BJP looks for more allies, woos Muslims to reinvent self
Once it was called a party with a difference. Historically, the BJP and its predecessor/associated outfits gained strength in India as an alternative to the Congress, which is quite unlike several other parties that dot the nation's political landscape. But today, quite ironically, it is trying to win more allies and even wooing Muslims.
From just two MPs in the early 1980s, the BJP and RSS associates like the VHP went on adding to their strength in India's heartland, thanks to a brilliant utilisation of religious symbolism that succeeded in shaping public opinions decisively in its favour.

The party skillfully built on the Congress's gradual decay in several parts of the country and the disappearance of Indira Gandhi and soft communal card played by her successor Rajiv Gandhi gave a golden opportunity to the saffron party to spread its wings. The BJP's remarkable growth in the early 1990s (the party did exceedingly well in the 1991 elections) had given birth to a new dimension in Indian politics then.
BJP's formula to grow will not work today
The equation was simple for the saffron party: The Congress can not overtly play a communal card for it has been known as a secular party since the days of Gandhis and Nehrus. In terms of economic ideology, there was nothing new that the BJP could do for given the closed economy and the pre-liberal mindset prevailing at that time, economic nationalism did not have a ready alternative. Hence, the only way out for the BJP to prove that it was different from the decaying Congress was to promote an identity politics based on Hindutva.
Hindutva has lost its edge
But this very advantage of the BJP has also been one of its main disadvantage. The party, although, succeeded in drawing upper castes and backward classes in its fold, it could not mobilise the SCs and STs as per its expectation while the minority vote-bank always remained an alien territory for the party.

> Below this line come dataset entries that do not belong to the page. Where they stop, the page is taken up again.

(* In the Setting, under (SA1)–(SA3), let $\mathcal I\in\wp_k[n]$, distinct $i,j\in\mathcal I$ and distinct $\alpha,\beta\in\mathcal I^{\mathtt C}$ be such that $Y(\mathcal I)^{ij}_{\alpha\beta}$ is a radical term. Then $0\notin\chi(\mathcal I\mid^{ij}_{\alpha\gamma})$ for every $\gamma\in\mathcal I^{\mathtt C}$ with $\gamma\ne\alpha$.
   Context: Setting. $d\ge1$, $1\le k\le n$; $\mathbf t=(t_1,\dots,t_d)$ indeterminates; $\Lambda:=\mathbb C[t_1^{\pm1},\dots,t_d^{\pm1}]$ (a UFD whose units are exactly the elements $c\,\mathbf t^{\mathbf e}:=c\prod_u t_u^{e_u}$, $c\in\mathbb C\setminus\{0\}$, $\mathbf e\in\mathbb Z^d$), $\mathbb F$ its fraction field, $\overline{\mathbb F}$ an algebraic closure. $[n]=\{1,\dots,n\}$, $\wp_k[n]$ the $k$-subsets of $[n]$. For $\mathcal I\in\wp_k[n]$: $\mathcal I^{\mathtt C}=[n]\setminus\mathcal I$; $\mathcal I^i_\alpha=(\mathcal I\setminus\{i\})\cup\{\alpha\}$ ($i\in\mathcal I,\alpha\notin\mathcal I$); $\mathcal I^{ij}_{\alpha\beta}=(\mathcal I\setminus\{i,j\})\cup\{\alpha,\beta\}$. $\mathbf L$ ($k\times n$) and $\mathbf R$ ($n\times k$) have entries in $\overline{\mathbb F}$; $\Delta_{\mathbf L}(\mathcal I)$, $\Delta_{\mathbf R}(\mathcal I)$ are the maximal minors on columns, resp. rows, $\mathcal I$; $h(\mathcal I):=\Delta_{\mathbf L}(\mathcal I)\Delta_{\mathbf R}(\mathcal I)$; $\mathfrak G:=\{\mathcal I:\Delta_{\mathbf L}(\mathcal I)\ne0\}$. (SA1) all $\Delta_{\mathbf R}(\mathcal I)\ne0$; (SA2) $h(\mathcal I)$ is a unit of $\Lambda$ for every $\mathcal I\in\mathfrak G$; (SA3) $\mathbf L$ has no zero column. $Y(\mathcal I)^{ij}_{\alpha\beta}:=-\mathrm{sign}[(i-\alpha)(i-\beta)(j-\alpha)(j-\beta)]\frac{\Delta_{\mathbf R}(\mathcal I^i_\alpha)\Delta_{\mathbf R}(\mathcal I^j_\beta)}{\Delta_{\mathbf R}(\mathcal I^i_\beta)\Delta_{\mathbf R}(\mathcal I^j_\alpha)}$. The multiset $\chi(\mathcal I\mid^{ij}_{\alpha\beta}):=\{h(\mathcal I)h(\mathcal I^{ij}_{\alpha\beta}),\,h(\mathcal I^i_\alpha)h(\mathcal I^j_\beta),\,h(\mathcal I^i_\beta)h(\mathcal I^j_\alpha)\}$. $Y(\mathcal I)^{ij}_{\alpha\beta}$ is radical if $0\notin\chi(\mathcal I\mid^{ij}_{\alpha\beta})$ and $Y(\mathcal I)^{ij}_{\alpha\beta}\notin\mathbb F$. *)

theory Defs
  imports "Jordan_Normal_Form.DL_Submatrix" "Jordan_Normal_Form.Determinant"
    "HOL-Computational_Algebra.Polynomial" "HOL-Library.Multiset"
begin

text \<open>Indices are 0-based: [n] = {0..<n}, variables t_u indexed by u in {0..<d}.
The field \<open>'a\<close> (algebraically closed) plays the role of the algebraic closure of
F = Frac(Lambda); \<open>iota\<close> embeds the complex numbers, \<open>t\<close> gives the indeterminates.\<close>

definition exps :: "nat \<Rightarrow> (nat \<Rightarrow> int) set" where
  "exps d = {e. \<forall>u. u \<ge> d \<longrightarrow> e u = 0}"

definition lmono :: "(nat \<Rightarrow> 'a::field) \<Rightarrow> nat \<Rightarrow> (nat \<Rightarrow> int) \<Rightarrow> 'a" where
  "lmono t d e = (\<Prod>u<d. t u powi e u)"

text \<open>Laurent polynomial ring Lambda = C[t^(+-1)] inside the field.\<close>
definition Lam :: "(complex \<Rightarrow> 'a::field) \<Rightarrow> (nat \<Rightarrow> 'a) \<Rightarrow> nat \<Rightarrow> 'a set" where
  "Lam \<iota> t d = {\<Sum>e\<in>S. \<iota> (c e) * lmono t d e | S c. finite S \<and> S \<subseteq> exps d}"

definition Lam_units :: "(complex \<Rightarrow> 'a::field) \<Rightarrow> (nat \<Rightarrow> 'a) \<Rightarrow> nat \<Rightarrow> 'a set" where
  "Lam_units \<iota> t d = {x \<in> Lam \<iota> t d. \<exists>y \<in> Lam \<iota> t d. x * y = 1}"

definition FracF :: "(complex \<Rightarrow> 'a::field) \<Rightarrow> (nat \<Rightarrow> 'a) \<Rightarrow> nat \<Rightarrow> 'a set" where
  "FracF \<iota> t d = {a / b | a b. a \<in> Lam \<iota> t d \<and> b \<in> Lam \<iota> t d \<and> b \<noteq> 0}"

text \<open>The setting: iota is a ring embedding of C, the t_u are nonzero and algebraically
independent over C (distinct Laurent monomials are linearly independent), and the ambient
algebraically closed field is algebraic over F, i.e. it is an algebraic closure of F.\<close>
definition setting :: "(complex \<Rightarrow> 'a::field) \<Rightarrow> (nat \<Rightarrow> 'a) \<Rightarrow> nat \<Rightarrow> bool" where
  "setting \<iota> t d \<longleftrightarrow>
     (\<forall>a b. \<iota> (a + b) = \<iota> a + \<iota> b) \<and> (\<forall>a b. \<iota> (a * b) = \<iota> a * \<iota> b) \<and> \<iota> 1 = 1 \<and>
     (\<forall>u<d. t u \<noteq> 0) \<and>
     (\<forall>S c. finite S \<and> S \<subseteq> exps d \<and> (\<Sum>e\<in>S. \<iota> (c e) * lmono t d e) = 0
            \<longrightarrow> (\<forall>e\<in>S. c e = 0)) \<and>
     (\<forall>x. \<exists>p. p \<noteq> 0 \<and> (\<forall>i. coeff p i \<in> FracF \<iota> t d) \<and> poly p x = 0)"

definition ksubsets :: "nat \<Rightarrow> nat \<Rightarrow> nat set set" where
  "ksubsets k n = {I. I \<subseteq> {0..<n} \<and> card I = k}"

definition compl :: "nat \<Rightarrow> nat set \<Rightarrow> nat set" where
  "compl n I = {0..<n} - I"

definition swap1 :: "nat set \<Rightarrow> nat \<Rightarrow> nat \<Rightarrow> nat set" where
  "swap1 I i \<alpha> = insert \<alpha> (I - {i})"

definition swap2 :: "nat set \<Rightarrow> nat \<Rightarrow> nat \<Rightarrow> nat \<Rightarrow> nat \<Rightarrow> nat set" where
  "swap2 I i j \<alpha> \<beta> = (I - {i, j}) \<union> {\<alpha>, \<beta>}"

definition DeltaL :: "'a::comm_ring_1 mat \<Rightarrow> nat set \<Rightarrow> 'a" where
  "DeltaL L I = det (submatrix L {0..<dim_row L} I)"

definition DeltaR :: "'a::comm_ring_1 mat \<Rightarrow> nat set \<Rightarrow> 'a" where
  "DeltaR R I = det (submatrix R I {0..<dim_col R})"

definition hh :: "'a::comm_ring_1 mat \<Rightarrow> 'a mat \<Rightarrow> nat set \<Rightarrow> 'a" where
  "hh L R I = DeltaL L I * DeltaR R I"

definition GG :: "'a::comm_ring_1 mat \<Rightarrow> nat \<Rightarrow> nat \<Rightarrow> nat set set" where
  "GG L k n = {I \<in> ksubsets k n. DeltaL L I \<noteq> 0}"

definition Yterm :: "'a::field mat \<Rightarrow> nat set \<Rightarrow> nat \<Rightarrow> nat \<Rightarrow> nat \<Rightarrow> nat \<Rightarrow> 'a" where
  "Yterm R I i j \<alpha> \<beta> =
     - of_int (sgn ((int i - int \<alpha>) * (int i - int \<beta>) * (int j - int \<alpha>) * (int j - int \<beta>)))
     * (DeltaR R (swap1 I i \<alpha>) * DeltaR R (swap1 I j \<beta>))
     / (DeltaR R (swap1 I i \<beta>) * DeltaR R (swap1 I j \<alpha>))"

definition chi :: "'a::comm_ring_1 mat \<Rightarrow> 'a mat \<Rightarrow> nat set \<Rightarrow> nat \<Rightarrow> nat \<Rightarrow> nat \<Rightarrow> nat \<Rightarrow> 'a multiset" where
  "chi L R I i j \<alpha> \<beta> =
     {# hh L R I * hh L R (swap2 I i j \<alpha> \<beta>),
        hh L R (swap1 I i \<alpha>) * hh L R (swap1 I j \<beta>),
        hh L R (swap1 I i \<beta>) * hh L R (swap1 I j \<alpha>) #}"

definition radical :: "(complex \<Rightarrow> 'a::field) \<Rightarrow> (nat \<Rightarrow> 'a) \<Rightarrow> nat \<Rightarrow> 'a mat \<Rightarrow> 'a mat
    \<Rightarrow> nat set \<Rightarrow> nat \<Rightarrow> nat \<Rightarrow> nat \<Rightarrow> nat \<Rightarrow> bool" where
  "radical \<iota> t d L R I i j \<alpha> \<beta> \<longleftrightarrow>
     0 \<notin># chi L R I i j \<alpha> \<beta> \<and> Yterm R I i j \<alpha> \<beta> \<notin> FracF \<iota> t d"

end

theory Submission
  imports Defs
begin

The vacuum created as a result of the Congress's decay in a key state like Uttar Pradesh has been filled up more by Samajwadi Party and Bahujan Samaj Party and not the BJP. The saffron party has not reaped the benefit of Hindutva much in the recent years in UP, even though it may sound paradoxical. Today's changed socio-economic circumstances have also reduced the appeal of Hindutva to the common people.
Economic Policy: BJP will also go the same way
In the post-liberalisation era too, the BJP knows very well that opposing globalisation, despite calls for economic nationalism, will bear no fruit. The NDA government had opted for liberal measures during its days in power in the late 1990s and early 2000s and no matter how much the current main opposition party slam the Congress-led UPA over FDI in retail or diesel price hike, it will follow the same route if they win the next election and come to power again.
With the once-sharp weapon called Hindutva losing its edge, it became difficult for the BJP to find a common cause to hold its organisation strong. During the Vajpayee era, the moderate leadership gave the party a popularity although even that could not save it from facing a defeat in the 2004 polls.